Vendola scioglie il nodo-Sanità: l'assessore è Pentassuglia

Fosse stato per lui, Nichi Vendola avrebbe lasciato tutto così com'è, ma di fronte all'evidenza dell'incompatibilità delle cariche di assessore regionale ed europarlamentare (e ci ha impiegato quasi un mese per rendersene conto...) ha dovuto procedere alla nomina del quinto assessore alla sanità del suo doppio mandato. Alla fine, invece, ha dovuto scegliere. Ed ha scelto un esponente del Pd tarantino (tra l'altro coinvolto, sia pure marginalmente, nell'inchiesta "Ambiente svenduto" che ha portato a 53 ordinanze di rinvio a giudizio nei mesi scorsi, tra qui Nichi Vendola e diversi dirigenti piddini di terra jonica).

Il Presidente della Regione Puglia Nichi Vendola ha firmato questo pomeriggio il decreto di nomina del nuovo assessore regionale al Welfare e alla Sanità della Regione Puglia. E’ il consigliere regionale del Pd Donato Pentassuglia che dal 1 luglio sostituirà Elena Gentile, eletta al Parlamento europeo.

Il Presidente Vendola ha anche disposto che fino alla data del 1 luglio, l’assessore Gentile “resti nella piena titolarità delle deleghe”.

“Si tratta – ha detto il Presidente Vendola – di un provvedimento che sono costretto a fare di fronte alla evidenza normativa. L’Assessore Gentile è stata per la mia Amministrazione una straordinaria risorsa di cui faccio a meno con grande dolore. Resta intatto e solido il legame che in questi anni ho avuto con lei. Una donna eccezionale e nello stesso tempo competente e generosa, capace di coniugare, come a volte solo le donne sanno fare, senso di responsabilità, visione politica ed una incontenibile carica umana. I risultati elettorali del Partito Democratico in Puglia, certo raccolti in elezioni diverse da quelle regionali, ma pur sempre significative, mi hanno consigliato di far cadere la scelta del sostituto di Elena verso una nitida competenza amministrativa, manifestatasi già nel complesso lavoro di Aula, di quello stesso partito".

"Sto parlando di Donato Pentassuglia, capace, per altro, di esprimere una compiuta rappresentanza di un territorio, quale quello ionico, oggi particolarmente sofferente. Non ho voluto nel contempo - ha concluso Vendola - interrompere altri preziosi lavori che si stanno svolgendo all’interno del Consiglio regionale e che, con esercizio spesso oscuro di equilibrio e di esperienza, stanno aiutando tutta la maggioranza ad affrontare, in modo compatto, i difficili passaggi che la crisi sta imponendo”.

 

Marmo: la Gentile favorisce i territori amici

“Vorremmo poter non constatarlo, ma i fatti ce lo confermano: l’assessore Elena Gentile ha un occhio di riguardo per la sanità nei Comuni del suo stesso colore politico o che le sono amici”.

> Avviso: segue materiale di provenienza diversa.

lemma ltransd_mealy_delta:
  "ltransd (m_delta M) (\<lambda>q. left_transduction_from M q u) q w = left_transduction_from M q (u @ w)"
  by (induction w arbitrary: q rule: rev_induct)
    (auto simp: left_transduction_from_def split: prod.splits)

definition pop_ext :: "('q, 'a, 'b) mealy \<Rightarrow> 'q \<Rightarrow> 'a option \<Rightarrow> 'q \<times> 'b option" where
  "pop_ext M p x = (case x of Some a \<Rightarrow> apsnd Some (m_delta M p a) | None \<Rightarrow> (p, None))"

lemma wnd_snoc: "wnd (w @ [x]) = wnd_step (wnd w) x"
  by (simp add: wnd_def)

lemma wnd_ltransd_pop_ext:
  "wnd (ltransd (pop_ext M) (\<lambda>_. []) q w) = left_transduction_from M q (wnd w)"
proof (induction w arbitrary: q rule: rev_induct)
  case Nil
  thus ?case by (simp add: wnd_def left_transduction_from_def)
next
  case (snoc x w)
  show ?case
  proof (cases x)
    case None
    thus ?thesis using snoc drop_left_transduction_from[of 1 M q "wnd w"]
      by (simp add: wnd_snoc pop_ext_def drop_Suc)
  next
    case (Some a)
    thus ?thesis using snoc
      by (simp add: wnd_snoc pop_ext_def left_transduction_from_def split: prod.splits)
  qed
qed

lemma alg_space_le_iff:
  "alg_space A \<le> m \<longleftrightarrow> (\<forall>p\<in>st_states A. enat (length (st_enc A p)) \<le> m)"
  by (simp add: alg_space_def SUP_le_iff)

lemma var_space_le_iff:
  "var_space A n \<le> m \<longleftrightarrow> (\<forall>u u'. prefix u' u \<longrightarrow> (\<forall>v. prefix v u \<longrightarrow> length (wnd v) \<le> n)
      \<longrightarrow> enat (length (st_enc A (run_alg A u'))) \<le> m)"
  unfolding var_space_def Sup_le_iff by blast

lemma length_enc_run_le_var_space:
  assumes "prefix u' u" and "\<forall>v. prefix v u \<longrightarrow> length (wnd v) \<le> n"
  shows "enat (length (st_enc A (run_alg A u'))) \<le> var_space A n"
  unfolding var_space_def using assms by (intro Sup_upper) blast

lemma le_enat_mult_if:
  assumes "c > 0" and "\<And>s. y = enat s \<Longrightarrow> x \<le> enat (c * s)"
  shows "x \<le> enat c * y"
  using assms by (cases y) (simp_all add: imult_is_infinity)

lemma INF_le_mult_INF:
  fixes f :: "'x \<Rightarrow> enat" and g :: "'y \<Rightarrow> enat"
  assumes "c > 0" and "\<And>a. a \<in> S \<Longrightarrow> \<exists>b\<in>T. g b \<le> enat c * f a"
  shows "(INF b\<in>T. g b) \<le> enat c * (INF a\<in>S. f a)"
proof (cases "S = {}")
  case True
  thus ?thesis using assms(1) by (simp add: imult_is_infinity top_enat_def)
next
  case False
  hence "(INF a\<in>S. f a) \<in> f ` S"
    unfolding Inf_enat_def by (auto intro: LeastI)
  then obtain a where "a \<in> S" and "f a = (INF a\<in>S. f a)" by auto
  moreover from assms(2)[OF \<open>a \<in> S\<close>] obtain b where "b \<in> T" "g b \<le> enat c * f a" by blast
  ultimately show ?thesis by (metis INF_lower order_trans)
qed

lemma bigO_enat_mult:
  assumes "bigO_enat f s" and "\<And>n. g n \<le> enat c * f n"
  shows "bigO_enat g s"
proof -
  obtain c0 N where f: "\<forall>n\<ge>N. \<exists>k. f n = enat k \<and> real k \<le> c0 * s n"
    using assms(1) unfolding bigO_enat_def by blast
  have "\<exists>k. g n = enat k \<and> real k \<le> (real c * c0) * s n" if "n \<ge> N" for n
  proof -
    obtain k where k: "f n = enat k" "real k \<le> c0 * s n" using f \<open>n \<ge> N\<close> by blast
    obtain k' where k': "g n = enat k'" "k' \<le> c * k"
      using assms(2)[of n] k(1) by (cases "g n") auto
    have "real k' \<le> real c * real k" using k'(2) by (metis of_nat_le_iff of_nat_mult)
    also have "\<dots> \<le> real c * (c0 * s n)" using k(2) by (simp add: mult_left_mono)
    finally show ?thesis using k'(1) by (simp add: mult.assoc)
  qed
  thus ?thesis unfolding bigO_enat_def by blast
qed

lemma card_m_states_pos: "wf_mealy M \<Longrightarrow> 0 < card (m_states M)"
  by (auto simp: wf_mealy_def card_gt_0_iff)

lemma obtain_m_states_list:
  assumes "wf_mealy M"
  obtains qs where "set qs = m_states M" and "length qs = card (m_states M)"
  using assms by (metis distinct_card finite_distinct_list wf_mealy_def)

context
  fixes M :: "('q, 'a, 'b) mealy" and K :: "'a list set" and L :: "'b list set"
  assumes wf_M: "wf_mealy M" and reduction: "is_left_reduction M K L"
begin

lemma left_reduction_iff: "x \<in> K \<longleftrightarrow> left_transduction_from M (m_init M) x \<in> L"
  using reduction
  by (simp add: is_left_reduction_def left_transduction_def left_transduction_from_def)

lemma fixed_alg_of_reduction:
  assumes A: "is_fixed_alg padL L n A"
  shows "\<exists>B. is_fixed_alg padK K n B \<and> alg_space B \<le> enat (2 * card (m_states M)) * alg_space A"
proof -
  obtain qs where qs: "set qs = m_states M" "length qs = card (m_states M)"
    using wf_M by (rule obtain_m_states_list)
  have closed: "\<forall>q\<in>set qs. \<forall>x. fst (m_delta M q x) \<in> set qs"
    and init: "m_init M \<in> set qs" using wf_M qs(1) by (auto simp: wf_mealy_def)
  have wf_A: "wf_alg A" using A by (simp add: is_fixed_alg_def)
  define B where "B = parallel_alg qs A (m_delta M)
      (\<lambda>q. left_transduction_from M q (replicate n padK)) (m_init M)"
  have "accepts_alg B w \<longleftrightarrow> last_n padK n w \<in> K" for w
  proof -
    have "accepts_alg B w
        \<longleftrightarrow> last_n padL n (left_transduction_from M (m_init M) (replicate n padK @ w)) \<in> L"
      using A unfolding B_def accepts_parallel_alg[OF closed wf_A init] ltransd_mealy_delta
      by (simp add: is_fixed_alg_def)
    also have "\<dots> \<longleftrightarrow> left_transduction_from M (m_init M) (last_n padK n w) \<in> L"
      by (simp add: last_n_left_transduction_from[where p' = padK] last_n_replicate_append)
    finally show ?thesis by (simp add: left_reduction_iff)
  qed
  hence "is_fixed_alg padK K n B"
    unfolding is_fixed_alg_def B_def using wf_parallel_alg[OF closed wf_A] by blast
  moreover have "alg_space B \<le> enat (2 * card (m_states M)) * alg_space A"
  proof (rule le_enat_mult_if)
    fix s assume "alg_space A = enat s"
    hence "\<forall>p\<in>st_states A. length (st_enc A p) \<le> s"
      using alg_space_le_iff[of A "enat s"] by simp
    thus "alg_space B \<le> enat (2 * card (m_states M) * s)"
      unfolding alg_space_le_iff B_def
      using length_enc_parallel_alg_le[OF closed] qs(2) by simp
  qed (use card_m_states_pos[OF wf_M] in simp)
  ultimately show ?thesis by blast
qed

Lo dichiara in una nota il Vicepresidente del Consiglio Regionale pugliese, Nino Marmo, che ha depositato un’interrogazione diretta al governatore Nichi Vendola per chiedere di limitare il potere discrezionale dell’assessore.

“In questi giorni infatti – prosegue - sui quotidiani sono state pubblicate notizie degne di nota. Il direttore generale dell’Asl di Foggia, Manfrini, ha annunciato di aver ottenuto la delega per svolgere i concorsi per la copertura dei posti di Direttori di struttura complessa all’ospedale “Tatarella” di Cerignola, città della Gentile. Spostiamoci, invece, a Monopoli, dove lo stesso giorno il “Comitato per le strutture pubbliche” lancia un accorato appello ai massimi vertici della sanità regionale affinché siano indetti subito i concorsi. Già, perché nell’ospedale “San Giacomo” mancano ben 11 primari su 13 reparti attivi. Una situazione simile anche se più grave di quella che denunciamo da tempo per l’ospedale di Andria".

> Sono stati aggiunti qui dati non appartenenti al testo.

(* Assume $\mathcal S$ and $\mathcal A$ are finite. For $\sigma>0$ let $\pi^*_\sigma$ be an optimal policy of $\mathcal M_\sigma$ (every action in $\mathrm{supp}(\pi^*_\sigma(\cdot\mid s))$ maximizes $Q^*_\sigma(s,\cdot)$, the optimal $Q$-function of $\mathcal M_\sigma$). Then for every $\epsilon>0$ there exists $\sigma'>0$ such that for all $0<\sigma<\sigma'$, all $s\in\mathcal S$ and all $a'\in\mathrm{supp}(\pi^*_\sigma(\cdot\mid s))$, $$\min_{a\in\mathrm{supp}(p_D(\cdot\mid s))}\|a'-a\|_2^2<\epsilon .$$
   Context: Setting: finite state space $\mathcal S$, finite action space $\mathcal A\subset\mathbb R^n$, discount $\gamma\in(0,1)$, reward $R(s,a)$. Dataset distribution $p_D$: action distributions $p_D(a\mid s)$ with support $\mathrm{supp}(p_D(\cdot\mid s))\subseteq\mathcal A$ (the dataset actions at $s$) and transitions $p_D(s'\mid s,a)$. A noise distribution $q_\sigma(\cdot\mid a)$ ($a\in\mathcal A$, $\sigma>0$) is a probability mass function positive on $\mathcal A$ satisfying: for all $a,a_1,a_2\in\mathcal A$, if $\|a_1-a\|_2^2>\|a_2-a\|_2^2$ then $q_\sigma(a\mid a_1)/q_\sigma(a\mid a_2)\to0$ as $\sigma\to0^+$, and if equal then the ratio $\to1$. For $\sigma>0$, $\mathcal M_\sigma=(\mathcal S,\mathcal A,R_\sigma,P_\sigma,\gamma)$ is the Noisy Action MDP with $p_D(a'\mid s,a,\sigma)=q_\sigma(a'\mid a)p_D(a\mid s)/\sum_b q_\sigma(a'\mid b)p_D(b\mid s)$, $P_\sigma(s'\mid s,a')=\sum_a p_D(s'\mid s,a)p_D(a'\mid s,a,\sigma)$, $R_\sigma(s,a')=\sum_a p_D(a'\mid s,a,\sigma)(R(s,a)-\|a-a'\|_2^2)$. *)

theory Defs
  imports "HOL-Analysis.Analysis"
begin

"Abbiamo presentato, inutilmente, innumerevoli interrogazioni e fatto interventi per chiedere alla Gentile di concedere deroghe per la copertura di strutture dedicate all’emergenza e urgenza, mentre assistiamo al trattamento preferenziale che si presta per ospedali e territori “amici”. E l’ospedale di Cerignola può considerarsi vicino all’assessore che avrà ritenuto, giustamente, di concedere la deroga negata ad altri territori prima di traslocare a Bruxelles. Per questo –conclude Marmo- chiediamo a Vendola di intervenire sulla questione e mettere un freno al potere dell’assessore che apre le porte a concorsi di primario senza tener conto delle reali criticità ed emergenze presenti sul territorio”.

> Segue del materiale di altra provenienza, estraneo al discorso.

lemma A_mat_mult_vec_nth:
  fixes v :: "'a::field vec"
  assumes "dim_vec v = m + 3" and "i < m + 3"
  shows "(A_mat (m + 3) a b c *\<^sub>v v) $ i =
      (if i = 0 then - c * v $ 1 else 0) + (if i = 1 then c * v $ 0 else 0)
    + (if i = m + 1 then b * v $ (m + 2) else 0) + (if i = m + 2 then a * v $ (m + 1) else 0)
    + (if i + 2 < m + 3 then - v $ (i + 2) else 0) + (if 2 \<le> i then v $ (i - 2) else 0)"
proof -
  let ?d = "\<lambda>k x j. if j = k then x * v $ j else 0"
  have "(A_mat (m + 3) a b c *\<^sub>v v) $ i = (\<Sum>j<m + 3. A_mat (m + 3) a b c $$ (i, j) * v $ j)"
    using assms by (simp add: A_mat_def scalar_prod_def atLeast0LessThan)
  also have "\<dots> = (\<Sum>j<m + 3. ?d 1 (if i = 0 then - c else 0) j + ?d 0 (if i = 1 then c else 0) j
    + ?d (m + 2) (if i = m + 1 then b else 0) j + ?d (m + 1) (if i = m + 2 then a else 0) j
    + ?d (i + 2) (- 1) j + ?d (i - 2) (if 2 \<le> i then 1 else 0) j)"
  proof (rule sum.cong)
    fix j assume "j \<in> {..<m + 3}"
    then have "j < m + 3" by simp
    then show "A_mat (m + 3) a b c $$ (i, j) * v $ j = ?d 1 (if i = 0 then - c else 0) j
      + ?d 0 (if i = 1 then c else 0) j + ?d (m + 2) (if i = m + 1 then b else 0) j
      + ?d (m + 1) (if i = m + 2 then a else 0) j + ?d (i + 2) (- 1) j
      + ?d (i - 2) (if 2 \<le> i then 1 else 0) j"
      unfolding A_mat_index[OF assms(2) \<open>j < m + 3\<close>] distrib_right
      by (intro arg_cong2[where f = "(+)"]) auto
  qed simp
  also have "\<dots> = (if i = 0 then - c * v $ 1 else 0) + (if i = 1 then c * v $ 0 else 0)
    + (if i = m + 1 then b * v $ (m + 2) else 0) + (if i = m + 2 then a * v $ (m + 1) else 0)
    + (if i + 2 < m + 3 then - v $ (i + 2) else 0) + (if 2 \<le> i then v $ (i - 2) else 0)"
    using assms(2) by (simp only: sum.distrib sum.delta finite_lessThan lessThan_iff) auto
  finally show ?thesis .
qed

lemma det_ne_0_if_kernel_trivial:
  fixes M :: "'a::field mat"
  assumes "M \<in> carrier_mat n n"
    and "\<And>v. v \<in> carrier_vec n \<Longrightarrow> M *\<^sub>v v = 0\<^sub>v n \<Longrightarrow> v = 0\<^sub>v n"
  shows "det M \<noteq> 0"
  using det_0_iff_vec_prod_zero_field[OF assms(1)] assms(2) by blast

Strutture accreditate, servono controlli. Ma di chi?

Strutture sanitarie accreditate. E' necessario incrementare i controlli sulle spese e sul badget a disposizione degli istituti convenzionati con la Regione Puglia. Ma chi dovrebbe occuparsene? Un Assessore che non è più nelle sue funzioni, oppure un assessore che è ancora nella mente di Nichi Vendola?

“Ho richiesto all’Assessore alla Sanità, Elena Gentile, una verifica puntale e attenta dei budget di spesa per le strutture sanitarie convenzionate e accreditate, che vivono un momento di grave crisi economica”.

Lo dichiara in una nota il consigliere regionale del Pdl-FI, Aldo Aloisi, dopo la riunione della III Commissione consiliare di ieri pomeriggio.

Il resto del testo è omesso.